▶ _EXERCISE_: Copy the records below exactly as they appear.

▶ _SOURCE DATA_:
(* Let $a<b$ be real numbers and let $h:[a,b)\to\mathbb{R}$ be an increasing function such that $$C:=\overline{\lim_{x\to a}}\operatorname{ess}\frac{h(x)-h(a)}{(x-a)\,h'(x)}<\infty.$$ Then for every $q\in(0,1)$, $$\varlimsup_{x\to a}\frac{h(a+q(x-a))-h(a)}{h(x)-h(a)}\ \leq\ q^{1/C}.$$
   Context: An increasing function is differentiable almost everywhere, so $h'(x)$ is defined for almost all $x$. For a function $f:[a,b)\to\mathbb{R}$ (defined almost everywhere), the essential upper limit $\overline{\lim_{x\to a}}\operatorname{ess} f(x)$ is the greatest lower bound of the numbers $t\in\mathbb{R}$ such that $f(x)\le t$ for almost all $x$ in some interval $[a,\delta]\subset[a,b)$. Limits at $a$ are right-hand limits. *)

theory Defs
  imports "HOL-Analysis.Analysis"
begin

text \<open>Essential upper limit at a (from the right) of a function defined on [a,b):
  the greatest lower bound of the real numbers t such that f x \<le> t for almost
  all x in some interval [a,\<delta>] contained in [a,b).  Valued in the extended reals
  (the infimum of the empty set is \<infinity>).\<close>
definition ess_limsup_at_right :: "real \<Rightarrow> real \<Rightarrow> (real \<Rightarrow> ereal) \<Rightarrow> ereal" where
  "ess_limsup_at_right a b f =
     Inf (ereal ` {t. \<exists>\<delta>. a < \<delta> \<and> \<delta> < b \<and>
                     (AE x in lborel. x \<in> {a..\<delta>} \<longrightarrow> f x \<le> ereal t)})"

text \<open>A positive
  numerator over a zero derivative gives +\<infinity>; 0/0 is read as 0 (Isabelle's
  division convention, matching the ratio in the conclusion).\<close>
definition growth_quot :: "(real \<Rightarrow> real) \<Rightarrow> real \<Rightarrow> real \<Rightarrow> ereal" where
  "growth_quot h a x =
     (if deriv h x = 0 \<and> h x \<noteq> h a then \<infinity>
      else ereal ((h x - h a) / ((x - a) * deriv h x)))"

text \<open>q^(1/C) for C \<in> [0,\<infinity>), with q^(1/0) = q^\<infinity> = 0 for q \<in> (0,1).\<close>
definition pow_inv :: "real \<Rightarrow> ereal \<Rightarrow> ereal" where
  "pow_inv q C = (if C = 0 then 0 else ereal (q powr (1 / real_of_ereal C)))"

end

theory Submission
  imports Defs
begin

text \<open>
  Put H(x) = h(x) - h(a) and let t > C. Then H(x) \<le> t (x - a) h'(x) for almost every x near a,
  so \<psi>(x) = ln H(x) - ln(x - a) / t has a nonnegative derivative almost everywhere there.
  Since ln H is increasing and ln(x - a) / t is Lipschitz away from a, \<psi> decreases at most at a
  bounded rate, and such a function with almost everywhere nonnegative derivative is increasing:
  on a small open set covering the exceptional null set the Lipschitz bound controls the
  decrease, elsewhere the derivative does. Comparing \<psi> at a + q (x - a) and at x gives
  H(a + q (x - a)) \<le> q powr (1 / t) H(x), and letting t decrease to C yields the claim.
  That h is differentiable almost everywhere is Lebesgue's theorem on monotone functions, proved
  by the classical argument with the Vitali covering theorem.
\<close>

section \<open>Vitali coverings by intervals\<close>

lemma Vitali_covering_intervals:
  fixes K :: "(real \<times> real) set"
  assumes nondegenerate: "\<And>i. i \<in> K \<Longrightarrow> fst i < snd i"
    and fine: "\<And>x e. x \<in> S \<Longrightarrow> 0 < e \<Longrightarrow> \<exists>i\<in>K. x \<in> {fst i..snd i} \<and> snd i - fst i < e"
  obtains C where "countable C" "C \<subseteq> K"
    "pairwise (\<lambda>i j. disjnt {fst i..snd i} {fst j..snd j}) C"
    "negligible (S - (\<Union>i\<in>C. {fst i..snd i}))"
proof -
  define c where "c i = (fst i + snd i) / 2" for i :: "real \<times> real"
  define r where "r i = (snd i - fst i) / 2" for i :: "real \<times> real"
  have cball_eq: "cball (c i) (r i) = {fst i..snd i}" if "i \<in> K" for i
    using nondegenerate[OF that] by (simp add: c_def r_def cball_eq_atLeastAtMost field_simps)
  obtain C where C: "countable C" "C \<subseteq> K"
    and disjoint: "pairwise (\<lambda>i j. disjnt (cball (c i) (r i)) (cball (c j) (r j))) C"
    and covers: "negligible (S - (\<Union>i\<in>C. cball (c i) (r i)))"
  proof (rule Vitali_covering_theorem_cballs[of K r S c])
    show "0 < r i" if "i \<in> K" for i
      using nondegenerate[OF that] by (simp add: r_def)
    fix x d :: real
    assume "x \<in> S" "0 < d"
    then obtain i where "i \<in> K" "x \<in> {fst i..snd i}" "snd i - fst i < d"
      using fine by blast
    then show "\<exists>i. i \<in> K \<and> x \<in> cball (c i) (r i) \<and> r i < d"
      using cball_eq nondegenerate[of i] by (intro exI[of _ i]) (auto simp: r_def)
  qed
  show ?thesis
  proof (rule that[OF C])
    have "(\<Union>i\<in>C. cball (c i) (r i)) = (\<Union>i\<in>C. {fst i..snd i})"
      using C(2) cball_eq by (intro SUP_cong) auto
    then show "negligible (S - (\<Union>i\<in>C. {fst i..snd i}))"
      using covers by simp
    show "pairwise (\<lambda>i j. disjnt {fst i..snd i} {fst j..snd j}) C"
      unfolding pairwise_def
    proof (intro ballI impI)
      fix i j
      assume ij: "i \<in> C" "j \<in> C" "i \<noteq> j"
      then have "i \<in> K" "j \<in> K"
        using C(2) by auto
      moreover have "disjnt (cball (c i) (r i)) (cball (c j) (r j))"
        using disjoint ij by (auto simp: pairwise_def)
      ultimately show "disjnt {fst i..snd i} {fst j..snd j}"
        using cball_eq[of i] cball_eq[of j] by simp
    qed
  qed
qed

▶ _SOLVED PROBLEM_:
(* Let $a<b$ be real numbers and let $h:[a,b)\to\mathbb{R}$ be an increasing function such that $$C:=\overline{\lim_{x\to a}}\operatorname{ess}\frac{h(x)-h(a)}{(x-a)\,h'(x)}<\infty.$$ Then for every $q\in(0,1)$, $$\varlimsup_{x\to a}\frac{h(a+q(x-a))-h(a)}{h(x)-h(a)}\ \leq\ q^{1/C}.$$
   Context: An increasing function is differentiable almost everywhere, so $h'(x)$ is defined for almost all $x$. For a function $f:[a,b)\to\mathbb{R}$ (defined almost everywhere), the essential upper limit $\overline{\lim_{x\to a}}\operatorname{ess} f(x)$ is the greatest lower bound of the numbers $t\in\mathbb{R}$ such that $f(x)\le t$ for almost all $x$ in some interval $[a,\delta]\subset[a,b)$. Limits at $a$ are right-hand limits. *)

theory Defs
  imports "HOL-Analysis.Analysis"
begin

text \<open>Essential upper limit at a (from the right) of a function defined on [a,b):
  the greatest lower bound of the real numbers t such that f x \<le> t for almost
  all x in some interval [a,\<delta>] contained in [a,b).  Valued in the extended reals
  (the infimum of the empty set is \<infinity>).\<close>
definition ess_limsup_at_right :: "real \<Rightarrow> real \<Rightarrow> (real \<Rightarrow> ereal) \<Rightarrow> ereal" where
  "ess_limsup_at_right a b f =
     Inf (ereal ` {t. \<exists>\<delta>. a < \<delta> \<and> \<delta> < b \<and>
                     (AE x in lborel. x \<in> {a..\<delta>} \<longrightarrow> f x \<le> ereal t)})"

text \<open>A positive
  numerator over a zero derivative gives +\<infinity>; 0/0 is read as 0 (Isabelle's
  division convention, matching the ratio in the conclusion).\<close>
definition growth_quot :: "(real \<Rightarrow> real) \<Rightarrow> real \<Rightarrow> real \<Rightarrow> ereal" where
  "growth_quot h a x =
     (if deriv h x = 0 \<and> h x \<noteq> h a then \<infinity>
      else ereal ((h x - h a) / ((x - a) * deriv h x)))"

text \<open>q^(1/C) for C \<in> [0,\<infinity>), with q^(1/0) = q^\<infinity> = 0 for q \<in> (0,1).\<close>
definition pow_inv :: "real \<Rightarrow> ereal \<Rightarrow> ereal" where
  "pow_inv q C = (if C = 0 then 0 else ereal (q powr (1 / real_of_ereal C)))"

end

theory Submission
  imports Defs
begin

text \<open>
  Put H(x) = h(x) - h(a) and let t > C. Then H(x) \<le> t (x - a) h'(x) for almost every x near a,
  so \<psi>(x) = ln H(x) - ln(x - a) / t has a nonnegative derivative almost everywhere there.
  Since ln H is increasing and ln(x - a) / t is Lipschitz away from a, \<psi> decreases at most at a
  bounded rate, and such a function with almost everywhere nonnegative derivative is increasing:
  on a small open set covering the exceptional null set the Lipschitz bound controls the
  decrease, elsewhere the derivative does. Comparing \<psi> at a + q (x - a) and at x gives
  H(a + q (x - a)) \<le> q powr (1 / t) H(x), and letting t decrease to C yields the claim.
  That h is differentiable almost everywhere is Lebesgue's theorem on monotone functions, proved
  by the classical argument with the Vitali covering theorem.
\<close>

section \<open>Vitali coverings by intervals\<close>

lemma Vitali_covering_intervals:
  fixes K :: "(real \<times> real) set"
  assumes nondegenerate: "\<And>i. i \<in> K \<Longrightarrow> fst i < snd i"
    and fine: "\<And>x e. x \<in> S \<Longrightarrow> 0 < e \<Longrightarrow> \<exists>i\<in>K. x \<in> {fst i..snd i} \<and> snd i - fst i < e"
  obtains C where "countable C" "C \<subseteq> K"
    "pairwise (\<lambda>i j. disjnt {fst i..snd i} {fst j..snd j}) C"
    "negligible (S - (\<Union>i\<in>C. {fst i..snd i}))"
proof -
  define c where "c i = (fst i + snd i) / 2" for i :: "real \<times> real"
  define r where "r i = (snd i - fst i) / 2" for i :: "real \<times> real"
  have cball_eq: "cball (c i) (r i) = {fst i..snd i}" if "i \<in> K" for i
    using nondegenerate[OF that] by (simp add: c_def r_def cball_eq_atLeastAtMost field_simps)
  obtain C where C: "countable C" "C \<subseteq> K"
    and disjoint: "pairwise (\<lambda>i j. disjnt (cball (c i) (r i)) (cball (c j) (r j))) C"
    and covers: "negligible (S - (\<Union>i\<in>C. cball (c i) (r i)))"
  proof (rule Vitali_covering_theorem_cballs[of K r S c])
    show "0 < r i" if "i \<in> K" for i
      using nondegenerate[OF that] by (simp add: r_def)
    fix x d :: real
    assume "x \<in> S" "0 < d"
    then obtain i where "i \<in> K" "x \<in> {fst i..snd i}" "snd i - fst i < d"
      using fine by blast
    then show "\<exists>i. i \<in> K \<and> x \<in> cball (c i) (r i) \<and> r i < d"
      using cball_eq nondegenerate[of i] by (intro exI[of _ i]) (auto simp: r_def)
  qed
  show ?thesis
  proof (rule that[OF C])
    have "(\<Union>i\<in>C. cball (c i) (r i)) = (\<Union>i\<in>C. {fst i..snd i})"
      using C(2) cball_eq by (intro SUP_cong) auto
    then show "negligible (S - (\<Union>i\<in>C. {fst i..snd i}))"
      using covers by simp
    show "pairwise (\<lambda>i j. disjnt {fst i..snd i} {fst j..snd j}) C"
      unfolding pairwise_def
    proof (intro ballI impI)
      fix i j
      assume ij: "i \<in> C" "j \<in> C" "i \<noteq> j"
      then have "i \<in> K" "j \<in> K"
        using C(2) by auto
      moreover have "disjnt (cball (c i) (r i)) (cball (c j) (r j))"
        using disjoint ij by (auto simp: pairwise_def)
      ultimately show "disjnt {fst i..snd i} {fst j..snd j}"
        using cball_eq[of i] cball_eq[of j] by simp
    qed
  qed
qed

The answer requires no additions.